Burgoyne and Koops (2021) analyzed the voting in the competition, due to the concern about the effect of the large number of “groupie” votes, defined as voters who gave perfect scores to one song and did not vote for other songs. The reasons behind such votes can be blindly voting by friends of the team or voting once for the track that is most liked. Our track had the most groupies, based on that definition. However, Burgoyne and Koops noted that a corrected model that ignored the groupie votes did not change the rankings of the top-ranked songs.

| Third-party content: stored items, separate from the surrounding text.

(* Let $p,n\in\mathbb N$ with $p\ge n\ge 5$ and $n-1\nmid p$. Then $$\frac{(n-2)p}{2}-\frac{(n-1)^2}{8}\le ex(p;T_n^2)\le \frac{(n-2)(p-1)}{2}.$$
   Context: All graphs are finite and simple; a graph "contains" $H$ if it has a subgraph isomorphic to $H$. For a graph $L$ and $p\in\mathbb N$, $ex(p;L)$ is the maximum number of edges in a graph on $p$ vertices containing no copy of $L$. For $n\ge 5$, $T_n^2$ is the tree with vertex set $\{v_0,\ldots,v_{n-1}\}$ and edge set $\{v_0v_1,\ldots,v_0v_{n-3},\,v_{n-3}v_{n-2},\,v_{n-3}v_{n-1}\}$. *)

theory Defs
  imports Complex_Main
begin

definition simple_graph :: "'a set \<Rightarrow> 'a set set \<Rightarrow> bool" where
  "simple_graph V E \<longleftrightarrow> finite V \<and> (\<forall>e\<in>E. e \<subseteq> V \<and> card e = 2)"

definition contains_graph :: "'a set \<Rightarrow> 'a set set \<Rightarrow> 'b set \<Rightarrow> 'b set set \<Rightarrow> bool" where
  "contains_graph V E VL EL \<longleftrightarrow>
     (\<exists>f. inj_on f VL \<and> f ` VL \<subseteq> V \<and> (\<forall>e\<in>EL. f ` e \<in> E))"

definition ex :: "nat \<Rightarrow> 'b set \<Rightarrow> 'b set set \<Rightarrow> nat" where
  "ex p VL EL = Max {card E | E. simple_graph {0..<p} E \<and> \<not> contains_graph {0..<p} E VL EL}"

definition T2_vertices :: "nat \<Rightarrow> nat set" where
  "T2_vertices n = {0..<n}"

definition T2_edges :: "nat \<Rightarrow> nat set set" where
  "T2_edges n = {{0, i} | i. 1 \<le> i \<and> i \<le> n - 3} \<union> {{n - 3, n - 2}, {n - 3, n - 1}}"

end

theory Submission
  imports Defs
begin

(* Upper bound.  Let G be a T_n^2-free simple graph on V, n >= 5, with n-1 not dividing |V|.
   By strong induction on |V| the degree sum of G is at most (n-2)(|V|-1); the handshake
   lemma turns this into |E| <= (n-2)(|V|-1)/2.  The induction splits on the maximum degree:
     - some vertex has degree >= n-1: every neighbour of such a vertex has tiny degree
       (otherwise a copy of T_n^2 appears), and double counting the edges at high vertices
       gives the bound;
     - all degrees are <= n-3: the bound is immediate;
     - the maximum degree is n-2, attained at a: the closed neighbourhood S of a has n-1
       vertices.  If an edge leaves S, the degrees inside S are forced down and the bound
       follows by counting; otherwise S is a union of components and the induction
       hypothesis applies to G - S (whose order is still not divisible by n-1).
   All "forced" facts come from one embedding lemma producing a copy of T_n^2.

   Lower bound.  Cutting {0..<p} into consecutive blocks of n-1 vertices and taking a clique
   on each block gives a T_n^2-free graph (T_n^2 is connected with n vertices) whose edge
   number is at least (n-2)p/2 - (n-1)^2/8. *)

definition nbhd :: "'a set \<Rightarrow> 'a set set \<Rightarrow> 'a \<Rightarrow> 'a set" where
  "nbhd V E v = {u\<in>V. {v,u} \<in> E}"

abbreviation degree :: "'a set \<Rightarrow> 'a set set \<Rightarrow> 'a \<Rightarrow> nat" where
  "degree V E v \<equiv> card (nbhd V E v)"

abbreviation T2_free :: "nat \<Rightarrow> 'a set \<Rightarrow> 'a set set \<Rightarrow> bool" where
  "T2_free n V E \<equiv> \<not> contains_graph V E (T2_vertices n) (T2_edges n)"

lemma edge_distinct: "simple_graph V E \<Longrightarrow> {a,b} \<in> E \<Longrightarrow> a \<noteq> b"
  unfolding simple_graph_def by fastforce

lemma nbhd_edge: "simple_graph V E \<Longrightarrow> u \<in> nbhd V E v \<longleftrightarrow> {v,u} \<in> E"
  unfolding simple_graph_def nbhd_def by blast

lemma nbhd_sym: "simple_graph V E \<Longrightarrow> u \<in> nbhd V E v \<longleftrightarrow> v \<in> nbhd V E u"
  by (simp add: nbhd_edge insert_commute)

lemma nbhd_subset: "simple_graph V E \<Longrightarrow> nbhd V E v \<subseteq> V - {v}"
  unfolding nbhd_def using edge_distinct by fastforce

lemma nbhd_finite: "simple_graph V E \<Longrightarrow> finite (nbhd V E v)"
  using nbhd_subset unfolding simple_graph_def by (meson finite_Diff finite_subset)

(* If a is adjacent to b and to a further n-4 vertices L, and b has two
   neighbours x, y outside L and different from a, then the vertex sequence
   a, L, b, x, y is a copy of T_n^2 (a is v_0, b is v_{n-3}). *)
lemma forked_star_contains_T2:
  assumes n: "n \<ge> 4" and sg: "simple_graph V E"
    and ab: "{a,b} \<in> E" and bx: "{b,x} \<in> E" and "{b,y} \<in> E" and "x \<noteq> y" "x \<noteq> a" "y \<noteq> a"
    and L: "L \<subseteq> nbhd V E a" "card L = n - 4" "b \<notin> L" "x \<notin> L" "y \<notin> L"
  shows "contains_graph V E (T2_vertices n) (T2_edges n)"
proof -
  obtain ls where ls: "set ls = L" "distinct ls"
    using finite_distinct_list finite_subset[OF L(1) nbhd_finite[OF sg]] by blast
  have len: "length ls = n - 4" using distinct_card[OF ls(2)] ls(1) L(2) by simp
  define xs where "xs = a # ls @ [b, x, y]"
  have "a \<notin> L" using L(1) nbhd_subset[OF sg] by blast
  moreover have "a \<noteq> b" "b \<noteq> x" "b \<noteq> y" using assms edge_distinct[OF sg] by auto
  ultimately have "distinct xs" using assms ls unfolding xs_def by auto
  moreover have len_xs: "length xs = n" using len n unfolding xs_def by simp
  ultimately have "inj_on ((!) xs) {0..<n}" by (simp add: inj_on_nth)
  moreover have "(!) xs ` {0..<n} \<subseteq> V"
  proof -
    have "(!) xs ` {0..<n} = set xs" using len_xs by (auto simp: set_conv_nth)
    moreover have "{a, b, x, y} \<subseteq> V"
      using ab bx \<open>{b,y} \<in> E\<close> sg unfolding simple_graph_def by blast
    moreover have "L \<subseteq> V" using L(1) nbhd_subset[OF sg] by blast
    ultimately show ?thesis using ls(1) unfolding xs_def by auto
  qed
  moreover have "(!) xs ` e \<in> E" if "e \<in> T2_edges n" for e
  proof -
    have head: "length (a # ls) = n - 3" "xs = (a # ls) @ [b, x, y]"
      using len n unfolding xs_def by auto
    have "xs ! (n - 3 + k) = [b, x, y] ! k" for k
      unfolding head(2) head(1)[symmetric] by (rule nth_append_length_plus)
    from this[of 0] this[of 1] this[of 2] n
    have tail: "xs ! (n-3) = b" "xs ! (n-2) = x" "xs ! (n-1) = y"
      by (simp_all add: numeral_eq_Suc Suc_diff_Suc)
    have leaf: "{a, xs ! i} \<in> E" if "1 \<le> i" "i \<le> n - 3" for i
    proof (cases "i = n - 3")
      case False
      then have idx: "i - 1 < length ls" using that len by auto
      then have "xs ! i = ls ! (i - 1)" using that unfolding xs_def
        by (simp add: nth_append nth_Cons')
      moreover have "ls ! (i - 1) \<in> L" using idx ls(1) by auto
      ultimately show ?thesis using L(1) nbhd_edge[OF sg] by auto
    qed (use tail ab in simp)
    from that consider i where "e = {0,i}" "1 \<le> i" "i \<le> n - 3" | "e = {n-3, n-2}" | "e = {n-3, n-1}"
      unfolding T2_edges_def by blast
    then show ?thesis
      by cases (use leaf tail assms in \<open>auto simp: xs_def\<close>)
  qed
  ultimately show ?thesis unfolding contains_graph_def T2_vertices_def by blast
qed

lemma obtain_two_elements:
  assumes "2 \<le> card A" obtains x y where "x \<in> A" "y \<in> A" "x \<noteq> y"
proof -
  obtain T where "T \<subseteq> A" "card T = 2" using obtain_subset_with_card_n[OF assms] by metis
  then show ?thesis using that card_2_iff by (metis insert_subset)
qed

lemma obtain_element:
  assumes "1 \<le> card A" obtains x where "x \<in> A"
  using assms by (metis card.empty ex_in_conv not_one_le_zero)

lemma card_diff_lower: "finite B \<Longrightarrow> card B \<le> m \<Longrightarrow> card A - m \<le> card (A - B)"
  using diff_card_le_card_Diff[of B A] by linarith

(* In a T_n^2-free graph a neighbour u of a vertex of degree >= n-1 has degree at most 2
   (at most 1 when n = 5); in both cases twice its degree is at most n-2. *)
lemma neighbour_of_high_degree:
  assumes n: "n \<ge> 5" and sg: "simple_graph V E" and free: "T2_free n V E"
    and high: "degree V E a \<ge> n - 1" and u: "u \<in> nbhd V E a"
  shows "2 * degree V E u \<le> n - 2"
proof -
  have au: "{a,u} \<in> E" "{u,a} \<in> E" using u nbhd_edge[OF sg] by (auto simp: insert_commute)
  have small_cards: "card {u, x, y} \<le> 3" "card {u, z} \<le> 2" for x y z :: 'a
    by (simp_all add: card_insert_if)
  have le2: "degree V E u \<le> 2"
  proof (rule ccontr)
    assume "\<not> ?thesis"
    then have "2 \<le> card (nbhd V E u - {a})"
      using card_diff_lower[of "{a}" 1 "nbhd V E u"] by simp
    then obtain x y where xy: "x \<in> nbhd V E u - {a}" "y \<in> nbhd V E u - {a}" "x \<noteq> y"
      by (rule obtain_two_elements)
    have "n - 4 \<le> card (nbhd V E a - {u, x, y})"
      using card_diff_lower[of "{u, x, y}" 3 "nbhd V E a"] small_cards(1) high by simp
    then obtain L where L: "L \<subseteq> nbhd V E a - {u, x, y}" "card L = n - 4"
      using obtain_subset_with_card_n by metis
    have "contains_graph V E (T2_vertices n) (T2_edges n)"
      by (rule forked_star_contains_T2[of n V E a u x y L]) (use n sg au xy L nbhd_edge[OF sg] in auto)
    with free show False by blast
  qed
  have le1: "degree V E u \<le> 1" if "n = 5"
  proof (rule ccontr)
    assume "\<not> ?thesis"
    then have "1 \<le> card (nbhd V E u - {a})"
      using card_diff_lower[of "{a}" 1 "nbhd V E u"] by simp
    then obtain z where z: "z \<in> nbhd V E u - {a}" by (rule obtain_element)
    have "2 \<le> card (nbhd V E a - {u, z})"
      using card_diff_lower[of "{u, z}" 2 "nbhd V E a"] small_cards(2) high that by simp
    then obtain x y where xy: "x \<in> nbhd V E a - {u, z}" "y \<in> nbhd V E a - {u, z}" "x \<noteq> y"
      by (rule obtain_two_elements)
    have "contains_graph V E (T2_vertices n) (T2_edges n)"
      by (rule forked_star_contains_T2[of n V E u a x y "{z}"])
        (use that sg au xy z nbhd_edge[OF sg] nbhd_subset[OF sg] in auto)
    with free show False by blast
  qed
  show ?thesis using le1 le2 n by (cases "n = 5") auto
qed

Comparison with Other Entries
Huang et al. (2020) analyzed the approach taken by, and attitude of, each competition entrant. In the broad sense, none of the choices made by our team were unique, in that other entrants made similar choices. As with other teams that included professional musicians, a large proportion of our song components were human content. The most distinctive aspects of our approach were the use of stress-based matching of melody and lyrics and the use of DDSP to create a new instrument.

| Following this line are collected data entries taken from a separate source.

lemma semiprime_H_ideal_idempotent:
  assumes sp: "semiprime TYPE('a)" and HI: "H_ideal act I"
  obtains e where "e \<in> extended_H_center act \<iota>" and "e * e = e"
    and "\<And>i. i \<in> I \<Longrightarrow> e * \<iota> i = \<iota> i" and "\<And>t. t \<in> left_annihilator I \<Longrightarrow> e * \<iota> t = 0"
proof -
  let ?T = "left_annihilator I"
  have I: "ring_ideal I" using HI unfolding H_ideal_def by blast
  have T: "ring_ideal ?T" by (rule ring_ideal_left_annihilator[OF I])
  have HT: "H_ideal act ?T" using T left_annihilator_H_stable[OF HI] unfolding H_ideal_def by blast
  have E: "I + ?T \<in> dense_ideals" by (rule semiprime_dense_set_plus_left_annihilator[OF sp I])
  obtain e where e_center: "e \<in> extended_center"
    and e: "\<And>i t. i \<in> I \<Longrightarrow> t \<in> ?T \<Longrightarrow> e * \<iota> (i + t) = \<iota> i"
    using extended_center_projection[OF I T semiprime_Int_left_annihilator[OF sp I] E] by blast
  have e_I: "e * \<iota> i = \<iota> i" if "i \<in> I" for i
    using e[OF that ring_ideal_zero[OF T]] by simp
  have e_T: "e * \<iota> t = 0" if "t \<in> ?T" for t
    using e[OF ring_ideal_zero[OF I] that] by simp
  have "H_equivariant_on e (I + ?T)"
    unfolding H_equivariant_on_def
  proof (intro conjI ballI E H_ideal_set_plus HI HT)
    fix k assume "k \<in> I + ?T"
    then obtain i t where k: "k = i + t" and i: "i \<in> I" and t: "t \<in> ?T" by (auto elim: set_plus_elim)
    have "act h i \<in> I" "act h t \<in> ?T" for h
      using HI HT i t unfolding H_ideal_def by blast+
    then show "\<exists>b. \<iota> b = e * \<iota> k \<and> (\<forall>h. \<iota> (act h b) = e * \<iota> (act h k))"
      using e i t by (intro exI[of _ i]) (simp add: k)
  qed
  then have "e \<in> extended_H_center act \<iota>" unfolding extended_H_center_iff using e_center by blast
  moreover have "e * e = e"
  proof -
    have "(e * e - e) * \<iota> x = 0" if x: "x \<in> I + ?T" for x
    proof -
      obtain i t where "x = i + t" "i \<in> I" "t \<in> ?T" using x by (auto elim: set_plus_elim)
      then show ?thesis using e e_I by (simp add: mult.assoc left_diff_distrib)
    qed
    then show ?thesis using dense_ideals_annihilate_eq_0[OF E] by (metis right_minus_eq)
  qed
  ultimately show ?thesis using that e_I e_T by blast
qed

lemma field_extended_H_center_idempotent:
  assumes field: "field (subring_struct (extended_H_center act \<iota>))"
    and e: "e \<in> extended_H_center act \<iota>" and idem: "e * e = e"
  shows "e = 0 \<or> e = 1"
proof -
  have "1 - e \<in> extended_H_center act \<iota>"
    using extended_H_center_add[OF extended_H_center_one extended_H_center_uminus[OF e]] by simp
  moreover have "e * (1 - e) = 0" using idem by (simp add: right_diff_distrib)
  ultimately show ?thesis
    using domain.integral[OF field.axioms(1)[OF field], of e "1 - e"] e by simp
qed

lemma H_prime_if_field_extended_H_center:
  assumes sp: "semiprime TYPE('a)" and field: "field (subring_struct (extended_H_center act \<iota>))"
  shows "H_prime act"
  unfolding H_prime_def
proof (intro conjI allI impI)
  show "(UNIV :: 'a set) \<noteq> {0}" by (metis UNIV_I singletonD zero_neq_one)
  fix I J :: "'a set"
  assume "H_ideal act I \<and> H_ideal act J \<and> I \<noteq> {0} \<and> J \<noteq> {0}"
  then have HI: "H_ideal act I" and HJ: "H_ideal act J" and "I \<noteq> {0}" and "J \<noteq> {0}" by auto
  have I: "ring_ideal I" and J: "ring_ideal J" using HI HJ unfolding H_ideal_def by auto
  obtain i j where "i \<in> I" "i \<noteq> 0" "j \<in> J" "j \<noteq> 0"
    using \<open>I \<noteq> {0}\<close> \<open>J \<noteq> {0}\<close> ring_ideal_zero[OF I] ring_ideal_zero[OF J] by blast
  obtain e where e: "e \<in> extended_H_center act \<iota>" "e * e = e"
    and e_I: "\<And>i. i \<in> I \<Longrightarrow> e * \<iota> i = \<iota> i" and e_T: "\<And>t. t \<in> left_annihilator I \<Longrightarrow> e * \<iota> t = 0"
    using semiprime_H_ideal_idempotent[OF sp HI] by blast
  show "ideal_prod I J \<noteq> {0}"
  proof
    assume "ideal_prod I J = {0}"
    then have "j \<in> left_annihilator I"
      using semiprime_ideal_prod_zero_imp_subset_left_annihilator[OF sp I J] \<open>j \<in> J\<close> by blast
    then have "e \<noteq> 1" using e_T \<open>j \<noteq> 0\<close> by force
    moreover have "e \<noteq> 0" using e_I[OF \<open>i \<in> I\<close>] \<open>i \<noteq> 0\<close> by force
    ultimately show False using field_extended_H_center_idempotent[OF field e] by blast
  qed
qed

end

theorem proposition2p2:
  fixes sH :: "'k::field \<Rightarrow> 'h::ring_1 \<Rightarrow> 'h"
    and \<Delta> :: "'h \<Rightarrow> ('h \<times> 'h) list"
    and \<epsilon> :: "'h \<Rightarrow> 'k"
    and S :: "'h \<Rightarrow> 'h"
    and sA :: "'k \<Rightarrow> 'a::ring_1 \<Rightarrow> 'a"
    and act :: "'h \<Rightarrow> 'a \<Rightarrow> 'a"
    and \<iota> :: "'a \<Rightarrow> 'q::ring_1"
  assumes "hopf_algebra sH \<Delta> \<epsilon> S"
    and "bij S"
    and "module_algebra sH \<Delta> \<epsilon> sA act"
    and "sym_ring_of_quotients \<iota>"
  shows "(H_prime act \<longrightarrow> field (subring_struct (extended_H_center act \<iota>))) \<and>
         (semiprime TYPE('a) \<and> field (subring_struct (extended_H_center act \<iota>)) \<longrightarrow> H_prime act)"
proof -
  interpret hopf_quotients sH \<Delta> \<epsilon> S sA act \<iota>
    using assms(1,3,4) by unfold_locales
  show ?thesis
    using field_extended_H_center_if_H_prime H_prime_if_field_extended_H_center by blast
qed

end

The marriage of lyrics and melody was handled differently by Team KTH/KMH+Doremir in that their system attempted to generate both components simultaneously, with each note leading to a duration prediction, which in turn would predict a text syllable (Bolcato 2020). As documented by Huang et al. (2020), the Doremir entry was one of only three, including ours, that did not manually align lyrics and melody. The third team conditioned their melody generation on lyrics.
Our process differed from the Algomus team, who had a more structured approach to creating their song. This consisted of the application of models to structure, harmony, and melody; from these, the team created subsequent short lists, and the final selection was decided by rolling dice, albeit with some aesthetic modifications as required (Micchi et al. 2021). Their initial lyrics were based on bigram frequencies in the Eurovision lyrics dataset, similar to the text-selection process of the algorithmic choral composition “World Cloud” (Uitdenbogerd 2019). However, the Algomus team then used the verses constructed from the bigrams as a seed for GPT-2 to create the rest of the lyrics, which then received minor tweaking. Sung melodies were composed by humans, but the instrumental hook was based on a model.
Another apparent difference found by Huang and coworkers was in attitude. Our team expressed exhilaration, as opposed to finding the process “painstaking, or similar to a difficult puzzle” (Team 1, as quoted in the study by Huang and colleagues). It is hard to say whether this was due to reducing tedium by automating the lyric-melody matching, our team's excitement in anticipating quirky output “gold,” our delight in exploring the generated material, or a combination of factors.
Iteration and Changes in Direction
Due to the short timeframe, both pragmatic and aspirational decisions were made. Where some outputs did not match our vision, either algorithms were modified or techniques discarded. Evaluation during this process involved listening to and reading sample outputs, which led to more preprocessing of training data so that better quality output would be produced. The following changes occurred during development:
The key of input data to the melody SampleRNN was normalized to C major (or A minor), after initial dissatisfaction with the generated melodies.
Melody-lyric matching first used local alignment of word and melody stress pattern strings. This led, however, to substring matches that were considered too short. So global alignment was used instead, to ensure there would be enough notes for lyric allocation.
Some generated melodies were not in a comfortable singing range, so automatic transposition based on average pitch was implemented.
Early runs of the melody-lyric snippet generation did not split words into syllables, despite matching being based on syllables. This created some interesting effects that were retained for the final song.
A method of audio generation involving vocal tracks from source-separated Eurovision songs was abandoned, because the results did not match our vision for the song.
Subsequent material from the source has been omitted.